The Ocean at the End of the Lane

By Neil Gaiman

Sussex, England. A middle-aged man returns to his childhood home to attend a funeral. Although the house he lived in is long gone, he is drawn to the farm at the end of the road, where, when he was seven, he encountered a most remarkable girl, Lettie Hempstock, and her mother and grandmother. He hasn’t thought of Lettie in decades, and yet as he sits by the pond (a pond that she’d claimed was an ocean) behind the ramshackle old farmhouse, the unremembered past comes flooding back. And it is a past too strange, too frightening, too dangerous to have happened to anyone, let alone a small boy.

Forty years earlier, a man committed suicide in a stolen car at this farm at the end of the road. Like a fuse on a firework, his death lit a touchpaper and resonated in unimaginable ways. The darkness was unleashed, something scary and thoroughly incomprehensible to a little boy. And Lettie—magical, comforting, wise beyond her years—promised to protect him, no matter what.

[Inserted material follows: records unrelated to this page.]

text \<open>Let \<open>u\<^sub>i = (-i, -k\<^sub>i)\<close> be the staircase carrying the bits of \<open>p\<^sup>\<infinity>\<close> and call
  row \<open>i\<close> the sum bits of the limit configuration read westwards from \<open>u\<^sub>i\<close>, as the binary
  digits of a 2-adic integer \<open>x\<^sub>i\<close>; row \<open>0\<close> is the digit sequence of the theorem. If
  \<open>p\<^sub>i = 0\<close>, row \<open>i+1\<close> is row \<open>i\<close> without its lowest digit \<open>0\<close>, so \<open>x\<^bsub>i+1\<^esub> = x\<^sub>i/2\<close>. If \<open>p\<^sub>i = 1\<close>,
  the non-local rule seeds a carry \<open>1\<close> just east of \<open>u\<^sub>i\<close>, and the local rule makes row \<open>i\<close>
  a chain of full adders computing \<open>x\<^sub>i + 2x\<^sub>i + 1\<close>, whose digits except the lowest are written
  into row \<open>i+1\<close>; so \<open>x\<^bsub>i+1\<^esub> = (3x\<^sub>i+1)/2\<close>. All cells involved eventually become defined, by
  induction on their distance to the nearest \<open>(1,\<bottom>)\<close> cell to their east. Thus \<open>x\<^sub>i = T\<^sup>i(x\<^sub>0)\<close>,
  the parity vector of \<open>x\<^sub>0\<close> is \<open>p\<^sup>\<infinity>\<close>, and \<open>x\<^sub>0 = Q\<^sup>-\<^sup>1(p\<^sup>\<infinity>)\<close> because \<open>Q\<close> is injective.\<close>

section \<open>Binary digit sequences and the Collatz map\<close>

definition bits_value :: "(nat \<Rightarrow> bool) \<Rightarrow> nat \<Rightarrow> int" where
  "bits_value b n = (\<Sum>j<n. of_bool (b j) * 2 ^ j)"

lemma bits_value_Suc: "bits_value b (Suc n) = bits_value b n + of_bool (b n) * 2 ^ n"
  by (simp add: bits_value_def)

lemma bits_value_Suc_shift: "bits_value b (Suc n) = of_bool (b 0) + 2 * bits_value (\<lambda>j. b (Suc j)) n"
  unfolding bits_value_def sum.lessThan_Suc_shift sum_distrib_left
  by (simp add: mult.left_commute)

Another wonderful Gaiman masterpiece. Beautiful, imaginative, and melancholy….all the notes he so regularly hits with each book.

I read The Graveyard Book a few months back, which was less frightening and a bit more humorous than The Ocean at the End of the Lane, which is also features a child protagonist. The Ocean at the End of the Lane is just all sorts of creepy and scary for me, a big wuss.

Overall this was a quick, engrossing read that I’m glad I wasn’t reading all by myself at night!

Hard to talk about this one without giving away any of the magic, so just go read it!